L’Opep et ses alliés ont réduit depuis janvier 2017 leur production cumulée de 1,8 million de bpj pour dégonfler les stocks mondiaux de pétrole. Cette initiative a contribué à faire remonter les cours, avec un Brent de la mer du Nord se traitant au-dessus de 76 dollars le baril mardi après être un temps repassé au-dessus des 80 dollars en mai.

Même si c’était l’objectif recherché, la baisse des stocks, revenus quasiment à leur moyenne sur cinq ans dans les pays développés, complique néanmoins la donne pour l’Opep.

“Aujourd’hui, nous n’avons plus de matelas de stocks ou de vastes capacités inutilisées”, a prévenu dès janvier Claudio Descalzi, administrateur délégué de l’italien Eni. “Dans ce contexte, tout événement géopolitique peut provoquer une flambée des cours.”

Jason Gammel, de Jefferies, insiste lui aussi sur la nouveauté de la situation. “Le haut niveau des stocks ces dernières années signifiait que le marché n’avait pas besoin de réagir à un risque politique accru car les stocks jouaient effectivement le même rôle que les capacités inutilisées”, dit-il.

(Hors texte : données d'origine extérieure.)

section \<open>A self-replicating simulator of counter programs\<close>

text \<open>Control states of the reproducing phase, each family indexed by the program counter:
  \<open>LI\<close>, \<open>F1\<close>--\<open>F7\<close> copy the leading tuple; \<open>RA\<close>, \<open>RK\<close>, \<open>RC\<close> copy the register tuple
  \<open>j\<close> (the flag records whether the tested register was zero), with \<open>IK\<close>--\<open>IV\<close> and
  \<open>D1\<close>--\<open>D4\<close> incrementing and decrementing the active register; \<open>H1\<close>--\<open>H4\<close>, \<open>LG\<close>
  copy the padding tuple and rewrite the start tuple; the program-independent \<open>C\<close>
  states copy the control tuples verbatim and \<open>E2\<close>--\<open>E6\<close> copy the final tuple and split.\<close>
datatype ctrl = LI nat | F1 nat | F2 nat | F3 nat | F4 nat | F5 nat | F6 nat | F7 nat
  | RA nat nat bool | RK nat nat bool | RC nat nat bool | IK nat | IE nat | IZ nat | IV nat
  | D1 nat | D2 nat | D3 nat | D4 nat
  | H1 nat bool | H2 nat bool | H3 nat bool | H4 nat bool | LG nat bool nat
  | C0 | C1f | C1 | C2 | C3 | C4 | C5 | C6 | E2 | E3 | E4 | E5 | E6

instance ctrl :: countable by countable_datatype

definition cstate :: "ctrl \<Rightarrow> state" where "cstate l = (Suc (to_nat l), True)"

lemma cstate_inj[simp]: "cstate l = cstate l' \<longleftrightarrow> l = l'"
  by (auto simp: cstate_def)

lemma cstate_simps[simp]: "cstate l \<noteq> q1" "cstate l \<noteq> q0" "snd (cstate l)"
  by (auto simp: cstate_def q0_def q1_def)

fun areg :: "instr \<Rightarrow> nat" where "areg (Inc r) = r" | "areg (Dec r j) = r"
fun isDec :: "instr \<Rightarrow> bool" where "isDec (Inc r) = False" | "isDec (Dec r j) = True"

definition read_syms :: "sym list" where
  "read_syms = [Z, One1, SR, ST, EndN, MvL, MvN, MvR, LEnd, REnd]"

lemma in_read_syms[simp]: "a \<in> set read_syms \<longleftrightarrow> a \<noteq> Blank"
  by (cases a) (auto simp: read_syms_def)

text \<open>Tuples leaving \<open>q1\<close> are never executed, and the register tuples
  leave transducer states that are never entered. Since each step writes at most one symbol,
  the copy lags behind the original: the indices of the leading, register and padding tuples
  grow in every generation and absorb these length differences.\<close>
definition gen_tuple :: "nat \<Rightarrow> tuple" where "gen_tuple n = (q1, Z, (n, False), Z, Stay)"
definition pad_tuple :: "nat \<Rightarrow> tuple" where "pad_tuple n = (q1, One1, (n, False), Z, Stay)"
definition end_tuple :: tuple where "end_tuple = (q1, EndN, q1, Z, Stay)"
definition start_tuple :: "nat \<Rightarrow> tuple" where "start_tuple p = (q0, Z, cstate (LI p), Z, Stay)"
definition reg_tuple :: "nat \<Rightarrow> regs \<Rightarrow> nat \<Rightarrow> tuple" where
  "reg_tuple t s j = ((Suc j + t, False), Z, (s j, False), Z, Stay)"



definition on_tape :: "sym list \<Rightarrow> nat \<Rightarrow> sym list \<Rightarrow> bool" where
  "on_tape w i u \<longleftrightarrow> i + length u < length (tape w) \<and> (\<forall>k<length u. tape w ! (i+k) = u ! k)"

lemma on_tape_append: "on_tape w i (u @ v) \<longleftrightarrow> on_tape w i u \<and> on_tape w (i + length u) v"
proof
  assume h: "on_tape w i (u @ v)"
  have a: "tape w ! (i + k) = (u @ v) ! k" if "k < length u + length v" for k
    using h that unfolding on_tape_def by simp
  show "on_tape w i u \<and> on_tape w (i + length u) v"
    unfolding on_tape_def
  proof (intro conjI allI impI)
    show "i + length u < length (tape w)" using h unfolding on_tape_def by simp
    show "i + length u + length v < length (tape w)" using h unfolding on_tape_def by simp
    fix k
    show "k < length u \<Longrightarrow> tape w ! (i + k) = u ! k" using a[of k] by (simp add: nth_append)
    show "k < length v \<Longrightarrow> tape w ! (i + length u + k) = v ! k" using a[of "length u + k"]
      by (simp add: nth_append add.assoc)
  qed
next
  assume h: "on_tape w i u \<and> on_tape w (i + length u) v"
  show "on_tape w i (u @ v)"
    unfolding on_tape_def
  proof (intro conjI allI impI)
    show "i + length (u @ v) < length (tape w)" using h unfolding on_tape_def by simp
    fix k assume k: "k < length (u @ v)"
    show "tape w ! (i + k) = (u @ v) ! k"
    proof (cases "k < length u")
      case True then show ?thesis using h unfolding on_tape_def by (simp add: nth_append)
    next
      case False
      then obtain m where m: "k = length u + m" by (metis le_add_diff_inverse not_less)
      then have "m < length v" using k by simp
      then show ?thesis using h m unfolding on_tape_def by (simp add: nth_append add.assoc)
    qed
  qed
qed

lemma on_tape_Cons: "on_tape w i (a # v) \<longleftrightarrow> on_tape w i [a] \<and> on_tape w (Suc i) v"
  using on_tape_append[of w i "[a]" v] by simp

lemma on_tape_code: "on_tape w (Suc 0) w"
  unfolding on_tape_def tape_def by (auto simp: nth_append)

lemma on_tape_LEnd: "on_tape w 0 [LEnd]"
  unfolding on_tape_def tape_def by auto

definition runs :: "sym list \<Rightarrow> state \<Rightarrow> nat \<Rightarrow> sym list \<Rightarrow> state \<Rightarrow> sym list \<Rightarrow> sym list \<Rightarrow> bool" where
  "runs w q i u q' o1 o2 \<longleftrightarrow> (step_nq w)\<^sup>*\<^sup>* (q, i, o1) (q', i + length u, o2)"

Le gouverneur iranien au sein de l’Opep, Hossein Kazempour Ardebili, a déclaré à Reuters la semaine dernière que les cours pourraient bondir jusqu’à 140 dollars le baril si le rétablissement des sanctions américaines contre son pays, troisième producteur de l’Opep, pénalisaient ses exportations.

Martijn Rats, de Morgan Stanley, pense que les cours seront orientés à la hausse “si l’offre et la demande sont équilibrées, si les stocks se sont contractés de manière significative et que les capacités inutilisées ne sont pas si bonnes que ça”.

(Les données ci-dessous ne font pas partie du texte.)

(* $I_2(4,v)=o(v^2)$ as $v\to\infty$; that is, for every $\epsilon>0$ there exists $v_0$ such that $I_2(4,v)<\epsilon v^2$ for all $v>v_0$.
   Context: A $(w,v)$ set system is a pair $(\mathcal{X},\mathcal{B})$ with $|\mathcal{X}|=v$ and $\mathcal{B}\subseteq\binom{\mathcal{X}}{w}$ (the family of all $w$-element subsets of $\mathcal{X}$); elements of $\mathcal{B}$ are blocks. For a $w$-subset $T\subseteq\mathcal{X}$ let $P_t(T)=\{\mathcal{P}\subseteq\mathcal{B}: |\mathcal{P}|\le t,\ T\subseteq\bigcup_{B\in\mathcal{P}}B\}$. The set system is a $t$-IPPS$(w,v)$ if for every $w$-subset $T\subseteq\mathcal{X}$, either $P_t(T)=\emptyset$ or $\bigcap_{\mathcal{P}\in P_t(T)}\mathcal{P}\neq\emptyset$. $I_t(w,v)$ denotes the maximum of $|\mathcal{B}|$ over all $t$-IPPS$(w,v)$. *)

theory Defs
  imports Complex_Main
begin

definition covering_families :: "nat \<Rightarrow> 'a set set \<Rightarrow> 'a set \<Rightarrow> 'a set set set" where
  "covering_families t \<B> T = {\<P>. \<P> \<subseteq> \<B> \<and> card \<P> \<le> t \<and> T \<subseteq> \<Union>\<P>}"

definition is_IPPS :: "nat \<Rightarrow> nat \<Rightarrow> 'a set \<Rightarrow> 'a set set \<Rightarrow> bool" where
  "is_IPPS t w X \<B> \<longleftrightarrow>
     \<B> \<subseteq> {B. B \<subseteq> X \<and> card B = w} \<and>
     (\<forall>T. T \<subseteq> X \<and> card T = w \<longrightarrow>
        covering_families t \<B> T = {} \<or> \<Inter>(covering_families t \<B> T) \<noteq> {})"

text \<open>I_t(w,v): ground set taken w.l.o.g. to be {0..<v}.\<close>
definition I_IPPS :: "nat \<Rightarrow> nat \<Rightarrow> nat \<Rightarrow> nat" where
  "I_IPPS t w v = Max {card \<B> | \<B> :: nat set set. is_IPPS t w {..<v} \<B>}"

end

theory Submission
  imports Defs "HOL-Analysis.Convex"
begin

text \<open>
  Join two points when some block contains both. In a 2-IPPS(4,v) every block owns a pair of
  points lying in no other block (otherwise the block itself and two other blocks would be two
  disjoint covering families of it), so this graph has at least |B| ordered edges. If x y z w x
  is a 4-cycle of the graph with x \<noteq> z and y \<noteq> w, the blocks covering xy, zw and those
  covering yz, wx are two covering families of {x,y,z,w}; they share a block, which therefore
  contains three consecutive vertices of the cycle. Hence there are at most 2v^3 + 256 v |B|
  closed walks of length 4, whereas by Cauchy-Schwarz a graph with S ordered edges on v vertices
  has at least S^4 / v^4 of them. The resulting inequality |B|^4 \<le> 2 v^7 + 256 v^5 |B|
  forces |B| = o(v^2).
\<close>

definition shadow_adj :: "'a set set \<Rightarrow> 'a \<Rightarrow> 'a \<Rightarrow> bool" where
  "shadow_adj \<B> x y \<longleftrightarrow> x \<noteq> y \<and> (\<exists>b\<in>\<B>. x \<in> b \<and> y \<in> b)"

lemma shadow_adj_sym: "shadow_adj \<B> x y \<longleftrightarrow> shadow_adj \<B> y x"
  unfolding shadow_adj_def by blast

lemma shadow_adjE:
  assumes "shadow_adj \<B> x y"
  obtains b where "b \<in> \<B>" "{x, y} \<subseteq> b"
  using assms unfolding shadow_adj_def by auto

lemma IPPS_blockD:
  assumes "is_IPPS t w X \<B>" "b \<in> \<B>"
  shows "b \<subseteq> X" "card b = w"
  using assms unfolding is_IPPS_def by auto

lemma IPPS_finite:
  assumes "is_IPPS t w X \<B>" "finite X"
  shows "finite \<B>"
  using assms by (intro finite_subset[of \<B> "Pow X"]) (auto dest: IPPS_blockD)

lemma IPPS_covering_families_meet:
  assumes "is_IPPS t w X \<B>" "T \<subseteq> X" "card T = w"
    and "\<P> \<in> covering_families t \<B> T" "\<Q> \<in> covering_families t \<B> T"
  shows "\<P> \<inter> \<Q> \<noteq> {}"
proof -
  have "\<Inter>(covering_families t \<B> T) \<noteq> {}"
    using assms unfolding is_IPPS_def by blast
  then show ?thesis using assms(4,5) by blast
qed

lemma pair_in_covering_families:
  assumes "b1 \<in> \<B>" "b2 \<in> \<B>" "T \<subseteq> b1 \<union> b2" "2 \<le> t"
  shows "{b1, b2} \<in> covering_families t \<B> T"
  using assms unfolding covering_families_def by (auto simp: card_insert_if)

lemma IPPS_private_pair:
  assumes ipps: "is_IPPS t 4 X \<B>" and "2 \<le> t" and b: "b \<in> \<B>"
  shows "\<exists>x y. x \<noteq> y \<and> x \<in> b \<and> y \<in> b \<and> (\<forall>b'\<in>\<B>. x \<in> b' \<and> y \<in> b' \<longrightarrow> b' = b)"
proof -
  have "card b = 4" "b \<subseteq> X" using IPPS_blockD[OF ipps b] by auto
  then obtain P where "P \<subseteq> b" "card P = 2" "finite P"
    using obtain_subset_with_card_n[of 2 b] by auto
  moreover from this have "card (b - P) = 2"
    using \<open>card b = 4\<close> by (simp add: card_Diff_subset)
  ultimately obtain x y z w where P: "P = {x, y}" "x \<noteq> y" and rest: "b - P = {z, w}" "z \<noteq> w"
    by (meson card_2_iff)
  have "(\<forall>b'\<in>\<B>. x \<in> b' \<and> y \<in> b' \<longrightarrow> b' = b) \<or> (\<forall>b'\<in>\<B>. z \<in> b' \<and> w \<in> b' \<longrightarrow> b' = b)"
  proof (rule ccontr)
    assume "\<not> ?thesis"
    then obtain b1 b2 where b1: "b1 \<in> \<B>" "{x, y} \<subseteq> b1" "b1 \<noteq> b"
      and b2: "b2 \<in> \<B>" "{z, w} \<subseteq> b2" "b2 \<noteq> b" by blast
    have "b \<subseteq> b1 \<union> b2" using P rest b1 b2 by blast
    then have "{b1, b2} \<in> covering_families t \<B> b"
      using b1 b2 \<open>2 \<le> t\<close> by (intro pair_in_covering_families) auto
    moreover have "{b, b} \<in> covering_families t \<B> b"
      using b \<open>2 \<le> t\<close> by (intro pair_in_covering_families) auto
    ultimately have "{b, b} \<inter> {b1, b2} \<noteq> {}"
      by (intro IPPS_covering_families_meet[OF ipps \<open>b \<subseteq> X\<close> \<open>card b = 4\<close>])
    with b1 b2 show False by blast
  qed
  then show ?thesis
  proof
    assume "\<forall>b'\<in>\<B>. x \<in> b' \<and> y \<in> b' \<longrightarrow> b' = b"
    then show ?thesis using P \<open>P \<subseteq> b\<close> by blast
  next
    assume "\<forall>b'\<in>\<B>. z \<in> b' \<and> w \<in> b' \<longrightarrow> b' = b"
    then show ?thesis using rest by blast
  qed
qed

L’ampleur de ces capacités inutilisées dépend de la manière dont on les définit.

L’Agence internationale de l’Energie (AIE), basée à Paris, considère qu’il s’agit de la production supplémentaire qui peut être mise sur le marché dans un délai de 90 jours et de manière prolongée. Elle estime ainsi que l’Opep avait des capacités de réserve de 3,47 millions de bpj en avril, dont environ 60% pour la seule Arabie saoudite.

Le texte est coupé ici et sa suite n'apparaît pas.